I love Christmas Music. Did ya’ll hear me? Seriously, I have over 500 Xmas mp3’s. An assortment of Whitney, Toni, Donny, the Boys Choir of Harlem, Luther, Mariah, N’Sync (hush, they were soulful on their xmas album), the Ohio Players, the Temptations, Kenny G, New Edition, SWV and many, many others fill my speakers from Thanksgiving morning until 11:59pm Christmas night.
I’ve got 2 mp3 CD’s in the car, so at any give time, I have 300 tunes playing at random. This morning, “Silver Bells” by A Few Good Men. Does anyone other than me even remember this group? I think they had one CD of their own, but they were featured on “A La Face Family Christmas” CD that came out in 1993. Bet’cha didn’t even know La Face had a Christmas CD!

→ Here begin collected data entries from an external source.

lemma comb2_left_eq_scaled_alpha: "comb2 i j x 0 = (\<lambda>k. x * alpha i k)"
  by (simp add: comb2_def)

lemma sum_times_comb2:
  fixes f :: "'i::finite \<Rightarrow> int"
  assumes "i \<noteq> j"
  shows "(\<Sum>k\<in>UNIV. f k * comb2 i j x y k) = f i * x + f j * y"
proof -
  have "(\<Sum>k\<in>UNIV. f k * comb2 i j x y k) =
        (\<Sum>k\<in>UNIV. if k = i then f k * x else 0) + (\<Sum>k\<in>UNIV. if k = j then f k * y else 0)"
    unfolding sum.distrib[symmetric]
    by (rule sum.cong) (auto simp: comb2_def alpha_def assms)
  then show ?thesis by simp
qed

lemma sigma_comb2:
  fixes C :: "'a \<Rightarrow> 'i::finite \<Rightarrow> 'i \<Rightarrow> int"
  assumes "i \<noteq> j"
  shows "sigma C a i (comb2 i j x y) = comb2 i j (x - (C a i i * x + C a i j * y)) y"
  unfolding sigma_def sum_times_comb2[OF assms]
  by (auto simp: comb2_def alpha_def assms algebra_simps)

lemma roots_ij_eq: "roots_ij R a i j = R a \<inter> {comb2 i j x y | x y. 0 \<le> x \<and> 0 \<le> y}"
proof -
  have "{(\<lambda>k. int n * alpha i k + int m * alpha j k) | n m :: nat. True}
        = {comb2 i j x y | x y. 0 \<le> x \<and> 0 \<le> y}"
  proof (intro equalityI subsetI)
    fix v assume "v \<in> {(\<lambda>k. int n * alpha i k + int m * alpha j k) | n m :: nat. True}"
    then obtain n m :: nat where "v = comb2 i j (int n) (int m)"
      by (auto simp: comb2_def)
    then show "v \<in> {comb2 i j x y | x y. 0 \<le> x \<and> 0 \<le> y}"
      using of_nat_0_le_iff by blast
  next
    fix v assume "v \<in> {comb2 i j x y | x y. 0 \<le> x \<and> 0 \<le> y}"
    then obtain x y where "v = comb2 i j x y" "0 \<le> x" "0 \<le> y" by blast
    then have "v = (\<lambda>k. int (nat x) * alpha i k + int (nat y) * alpha j k)"
      by (simp add: comb2_def)
    then show "v \<in> {(\<lambda>k. int n * alpha i k + int m * alpha j k) | n m :: nat. True}" by blast
  qed
  then show ?thesis unfolding roots_ij_def by simp
qed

Anyway, I was exposed to this song through an old friend who we’ll call Beanie. Beanie and I met during my first year in college. The New Yorker (me) and the Southerner by way of Richmond, VA (her) bonded immediately and by our second year, she and I were as thick as thieves. Very different, but we had forged such a deep friendship because we were both very easygoing and we LOVED to laugh. At the end of our third year, we had a falling out. Funny but I don’t even remember what it was about now. Isn’t that silly? Whatever it was, we obviously thought it was serious enough to not speak for a year.

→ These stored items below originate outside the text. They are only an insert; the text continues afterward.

lemma level_point_bounds:
  assumes "0 < k" "k < b ^ d"
  shows "real d < level_point b d k" "level_point b d k < real d + 1"
proof -
  have "real k < real b ^ d" using assms(2) by (metis of_nat_less_iff of_nat_power)
  moreover have "0 < real b ^ d" using assms by (metis of_nat_0_less_iff of_nat_power order.strict_trans)
  ultimately show "real d < level_point b d k" "level_point b d k < real d + 1"
    using assms(1) by (simp_all add: level_point_def)
qed

definition tree_base :: "ptree \<Rightarrow> nat" where
  "tree_base T = max_children T + 2"

lemma tree_base_pos: "0 < tree_base T"
  by (simp add: tree_base_def)

lemma node_value_tree_base:
  "node_value (max_children T) p = level_point (tree_base T) (length p) (code_num (tree_base T) p)"
  by (simp add: tree_base_def node_value_eq_level_point)

definition level_values :: "ptree \<Rightarrow> nat \<Rightarrow> real list" where
  "level_values T d = (if d = 0 then [] else map (node_value (max_children T) \<circ> fst) (coded_level T d))"

definition level_blocks :: "ptree \<Rightarrow> nat \<Rightarrow> (nat \<times> nat) list" where
  "level_blocks T d = map (\<lambda>(p, t). (code_num (tree_base T) p, length (children t))) (coded_level T d)"

lemma level_values_eq_level_points:
  "d \<noteq> 0 \<Longrightarrow> level_values T d = map (level_point (tree_base T) d \<circ> fst) (level_blocks T d)"
  unfolding level_values_def level_blocks_def
  by (auto simp: node_value_tree_base dest: coded_level_code intro!: map_cong)

lemma map_fst_next_level:
  "map (f \<circ> fst) (next_level P)
     = concat (map (\<lambda>x. map (\<lambda>i. f (fst x @ [i])) [1..<Suc (length (children (snd x)))]) P)"
proof -
  have "map (f \<circ> fst) (map (\<lambda>(i, c). (p @ [i], c)) z) = map (\<lambda>i. f (p @ [i])) (map fst z)"
    for p and z :: "(nat \<times> ptree) list"
    by (induction z) auto
  then have "map (f \<circ> fst) (case x of (p, t) \<Rightarrow> map (\<lambda>(i, c). (p @ [i], c)) (numbered_children (children t)))
      = map (\<lambda>i. f (fst x @ [i])) [1..<Suc (length (children (snd x)))]" for x
    by (cases x) (simp only: prod.case fst_conv snd_conv map_fst_numbered_children)
  then show ?thesis unfolding next_level_def map_concat map_map comp_def[of "map (f \<circ> fst)"] by simp
qed

lemma code_nums_coded_level_Suc:
  "map (code_num (tree_base T) \<circ> fst) (coded_level T (Suc d))
     = concat (map (\<lambda>(a, e). map (\<lambda>i. tree_base T * a + i) [1..<Suc e]) (level_blocks T d))"
  unfolding coded_level.simps map_fst_next_level
  by (simp add: level_blocks_def case_prod_beta comp_def del: upt_Suc)

lemma block_end_less:
  fixes a a' e b :: nat
  assumes "a < a'" "e < b"
  shows "b * a + e < b * a'"
proof -
  have "b * a + e < b * Suc a" using assms(2) by simp
  also have "\<dots> \<le> b * a'" using assms(1) by (intro mult_le_mono2) simp
  finally show ?thesis .
qed

lemma sorted_blocks:
  assumes "sorted_wrt (<) (map fst Q)" "\<forall>(a, e)\<in>set Q. e < b"
  shows "sorted_wrt (<) (concat (map (\<lambda>(a, e). map (\<lambda>i. b * a + i) [1..<Suc e]) Q))"
  using assms
proof (induction Q)
  case (Cons ae Q)
  obtain a e where ae: "ae = (a, e)" by (cases ae)
  have "u < v" if u: "u \<in> set (map (\<lambda>i. b * a + i) [1..<Suc e])"
    and v: "v \<in> set (concat (map (\<lambda>(a, e). map (\<lambda>i. b * a + i) [1..<Suc e]) Q))" for u v
  proof -
    obtain a' e' where ae': "(a', e') \<in> set Q" "v \<in> set (map (\<lambda>i. b * a' + i) [1..<Suc e'])"
      using v by auto
    have "a < a'" using Cons.prems(1) ae ae'(1) by force
    moreover have "e < b" using Cons.prems(2) ae by simp
    moreover have "u \<le> b * a + e" "b * a' < v" using u ae'(2) by auto
    ultimately show ?thesis using block_end_less[of a a' e b] by linarith
  qed
  moreover have "sorted_wrt (<) (map (\<lambda>i. b * a + i) [1..<Suc e])"
    unfolding sorted_wrt_map by (rule sorted_wrt_mono_rel[OF _ sorted_wrt_upt]) simp
  moreover have "sorted_wrt (<) (concat (map (\<lambda>(a, e). map (\<lambda>i. b * a + i) [1..<Suc e]) Q))"
    using Cons.IH Cons.prems by simp
  ultimately show ?case
    unfolding ae by (simp only: list.map concat.simps prod.case sorted_wrt_append) blast
qed simp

We reconnected and fell back into our old rhythm. Fool me once, shame on you. Fool me twice, well you all know how it goes. After graduation, Beanie landed a job in Northern Virginia. She didn’t have enough money to get her own place, so my parents offered our home to her. But it’s all good, cause we’re homies, right? I’d had (and still have) the same best friend (Diamond Diva) for years. We each had a “best” friend outside of our friendship, but we were roommates and “everyday” friends, which is different.

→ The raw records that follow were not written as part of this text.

lemma expectation_fciqmc_sq_error_le:
  assumes diag: "\<forall>k<N. A k k \<noteq> 0" and col: "\<forall>k<N. card {i. i < N \<and> A i k \<noteq> 0} \<ge> 2"
  shows "E (fciqmc_step N A v) (\<lambda>w. \<Sum>i<N. (real_of_int (w i) - mat_vec N A v i)\<^sup>2)
    \<le> vec_norm1 N v * (Max ((\<lambda>k. (real (col_norm0 N A k) - 2) * offcol_norm2_sq N A k) ` {..<N}) + 1/2)"
    (is "_ \<le> _ * (?X + 1/2)")
proof -
  define ps where "ps = particles N v"
  have particle: "k < N" "s \<in> {1, -1}" "offsupp N A k \<noteq> {}" if "(k, s) \<in> set ps" for k s
    using that set_particles[of k s N v] col offsupp_nonempty[of N A k] by (auto simp: ps_def)
  have fin: "finite (set_pmf (particle_pmf N A p))" if "p \<in> set ps" for p
    using that particle finite_set_particle_pmf by (metis prod.collapse)
  have mean: "mean_vec (sum_particles N A ps) i = mat_vec N A v i" if i: "i < N" for i
  proof -
    have "mean_vec (sum_particles N A ps) i = (\<Sum>p\<leftarrow>ps. mean_vec (particle_pmf N A p) i)"
      by (simp add: mean_vec_sum_particles fin)
    also have "\<dots> = (\<Sum>p\<leftarrow>ps. of_int (snd p) * A i (fst p))"
      using particle i by (intro arg_cong[of _ _ sum_list] map_cong) (auto simp: mean_vec_particle_pmf)
    finally show ?thesis by (simp add: mat_vec_eq_sum_list_particles ps_def)
  qed
  have "E (fciqmc_step N A v) (\<lambda>w. \<Sum>i<N. (real_of_int (w i) - mat_vec N A v i)\<^sup>2)
      = sq_dev N (sum_particles N A ps) (mat_vec N A v)"
    by (simp add: sq_dev_def fciqmc_step_def ps_def)
  also have "\<dots> = sq_dev N (sum_particles N A ps) (mean_vec (sum_particles N A ps))"
    by (rule sq_dev_cong) (rule mean[symmetric])
  also have "\<dots> = (\<Sum>p\<leftarrow>ps. sq_dev N (particle_pmf N A p) (mean_vec (particle_pmf N A p)))"
    by (rule sq_dev_sum_particles[OF fin])
  also have "\<dots> \<le> (\<Sum>p\<leftarrow>ps. ?X + 1/2)"
  proof (rule sum_list_mono)
    fix p assume p: "p \<in> set ps"
    obtain k s where ks: "p = (k, s)" by fastforce
    with p particle have k: "k < N" and s: "s \<in> {1, -1}" by auto
    have "sq_dev N (particle_pmf N A p) (mean_vec (particle_pmf N A p))
        \<le> (real (col_norm0 N A k) - 2) * offcol_norm2_sq N A k + 1/2"
      unfolding ks using k s diag col by (intro sq_dev_particle_pmf_le) auto
    moreover have "(real (col_norm0 N A k) - 2) * offcol_norm2_sq N A k \<le> ?X"
      using k by (intro Max_ge) auto
    ultimately show "sq_dev N (particle_pmf N A p) (mean_vec (particle_pmf N A p)) \<le> ?X + 1/2"
      by linarith
  qed
  also have "\<dots> = vec_norm1 N v * (?X + 1/2)"
    by (simp add: ps_def sum_list_particles vec_norm1_def sum_distrib_right)
  finally show ?thesis .
qed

Fast forward a year and a half – Beanie’s dating a jerk (Army Boy)and moves out to live with him. Uh, ok, you’re grown and I can’t stop you. You’re my girl, so even if I don’t like him, I’ll suck it up for the peace within our friendship. Fast forward 1 year – coincidentally, my husband and I move into an apartment in NW Washington, across the street from Beanie and Army Boy. Beanie interviews and gets a job at the company I work for. Geez, the four of us are together too damn much! *lol*
Fast forward 1 more year – Beanie’s best friend calls to ask me what I’d be getting Beanie and Army Boy for their wedding anniversary. **blinking rapidly while listening to the crickets** Come again? Wedding? Beanie and Army Boy? Uh, I guess we weren’t quite as close as it seemed. We only went to work and came home together, shopped together, ate dinner most nights together, traveled together and shared holidays together. Hell, sorry for the TMI, but that heifer knew when my Aunt Flo came and went. I was hurt and I felt like our friendship was being played out through a lie. How can you look me in the face and not share something SO BIG? Even if it was a spur of the moment Vegas type thing, wouldn’t you call me once the deed was done? She let a whole year go by and she never said a word. I could go into more details but this entry would be 100 pages long. Ya’ll get the drift.
So, since I’m so good at keeping my emotions and anger in check *lmao*, I confronted her. Many, many things were said that should never be said in the heat of an argument. The kind of things that you can’t take back when you both calm down. The kind of words and well aimed jabs that “sorry” can’t erase. The kind of wounds that stay infected even after they’ve scabbed over and appear to be healed.
So, I often think of Beanie and the parts of our friendship that were good, while trying to not think about why and how it ended. I was bitter, but I’m past that now. I find it especially hard during the holidays because we used to enjoy them together. This song, “Silver Bells” by A Few Good Men, was her favorite Christmas Song. Not my favorite, but it meant something to her; so now when I hear it, I turn it up loud, sing along with the brothers and say a prayer that my old friend is well. She’s out of my life, but not forgotten.